What do the lines from the top of the data through the line with "lemma (in prob_space)" say? Quote them exactly and include both ends.

- _SUPPLIED ENTRIES_:
++++++++++++++++++++

text \<open>With \<open>\<tau>\<^sub>k = k h\<close> and \<open>G = \<Sum>\<^sub>i \<Sum>\<^sub>k W\<^sub>i(\<tau>\<^sub>k)\<^sup>2\<close>, the estimator is \<open>(h \<sigma>\<^sup>2 / M) G\<close> and
  \<open>V\<^sub>T = \<sigma>\<^sup>2 T\<^sup>2 / 2\<close>, so the mean square error is a quadratic expression in the first two moments
  of \<open>G\<close>. These reduce to the Gaussian fourth-moment identity
  \<open>E[W(s)\<^sup>2 W(t)\<^sup>2] = s t + 2 min(s, t)\<^sup>2\<close> for a single Wiener process (split \<open>W(t)\<close> into the
  independent increments \<open>W(s)\<close> and \<open>W(t) - W(s)\<close>) and to \<open>s t\<close> for two independent ones.
  On the grid, \<open>\<Sum>\<^sub>k \<tau>\<^sub>k = h N (N - 1) / 2\<close> and
  \<open>\<Sum>\<^sub>k\<^sub>,\<^sub>l min(\<tau>\<^sub>k, \<tau>\<^sub>l)\<^sup>2 = h\<^sup>2 N (N - 1) (N\<^sup>2 - N + 1) / 6\<close>, and the closed form follows with \<open>T = N h\<close>.\<close>

lemma (in prob_space) centered_normal_moments:
  assumes X: "distributed M lborel X (\<lambda>x. ennreal (normal_density 0 (sqrt t) x))" and "t > 0"
  shows "integrable M (\<lambda>\<omega>. X \<omega> ^ k)"
    and "expectation X = 0" and "expectation (\<lambda>\<omega>. X \<omega> ^ 2) = t"
    and "expectation (\<lambda>\<omega>. X \<omega> ^ 3) = 0" and "expectation (\<lambda>\<omega>. X \<omega> ^ 4) = 3 * t\<^sup>2"
proof -
  have sd: "sqrt t > 0" using \<open>t > 0\<close> by simp
  have even: "expectation (\<lambda>\<omega>. X \<omega> ^ (2 * n)) = fact (2 * n) / ((2 / t) ^ n * fact n)" for n
    using distributed_integral[OF X, of "\<lambda>x. x ^ (2 * n)"]
      integral_normal_moment_even[where \<mu>=0 and \<sigma>="sqrt t" and k=n] \<open>t > 0\<close> by simp
  have odd: "expectation (\<lambda>\<omega>. X \<omega> ^ (2 * n + 1)) = 0" for n
    using distributed_integral[OF X, of "\<lambda>x. x ^ (2 * n + 1)"]
      integral_normal_moment_odd[where \<mu>=0 and \<sigma>="sqrt t" and k=n] sd by simp
  show "integrable M (\<lambda>\<omega>. X \<omega> ^ k)"
    using distributed_integrable[OF X, of "\<lambda>x. x ^ k"]
      integrable_normal_moment[where \<mu>=0 and \<sigma>="sqrt t" and k=k] sd by simp
  show "expectation X = 0" "expectation (\<lambda>\<omega>. X \<omega> ^ 3) = 0"
    using odd[of 0] odd[of 1] by (simp_all add: numeral_3_eq_3)
  show "expectation (\<lambda>\<omega>. X \<omega> ^ 2) = t" "expectation (\<lambda>\<omega>. X \<omega> ^ 4) = 3 * t\<^sup>2"
    using even[of 1] even[of 2] \<open>t > 0\<close> by (simp_all add: fact_numeral power2_eq_square)
qed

++++++++++++++++++++

- _RESULT OF THE EXERCISE_:
text \<open>With \<open>\<tau>\<^sub>k = k h\<close> and \<open>G = \<Sum>\<^sub>i \<Sum>\<^sub>k W\<^sub>i(\<tau>\<^sub>k)\<^sup>2\<close>, the estimator is \<open>(h \<sigma>\<^sup>2 / M) G\<close> and
  \<open>V\<^sub>T = \<sigma>\<^sup>2 T\<^sup>2 / 2\<close>, so the mean square error is a quadratic expression in the first two moments
  of \<open>G\<close>. These reduce to the Gaussian fourth-moment identity
  \<open>E[W(s)\<^sup>2 W(t)\<^sup>2] = s t + 2 min(s, t)\<^sup>2\<close> for a single Wiener process (split \<open>W(t)\<close> into the
  independent increments \<open>W(s)\<close> and \<open>W(t) - W(s)\<close>) and to \<open>s t\<close> for two independent ones.
  On the grid, \<open>\<Sum>\<^sub>k \<tau>\<^sub>k = h N (N - 1) / 2\<close> and
  \<open>\<Sum>\<^sub>k\<^sub>,\<^sub>l min(\<tau>\<^sub>k, \<tau>\<^sub>l)\<^sup>2 = h\<^sup>2 N (N - 1) (N\<^sup>2 - N + 1) / 6\<close>, and the closed form follows with \<open>T = N h\<close>.\<close>

lemma (in prob_space) centered_normal_moments:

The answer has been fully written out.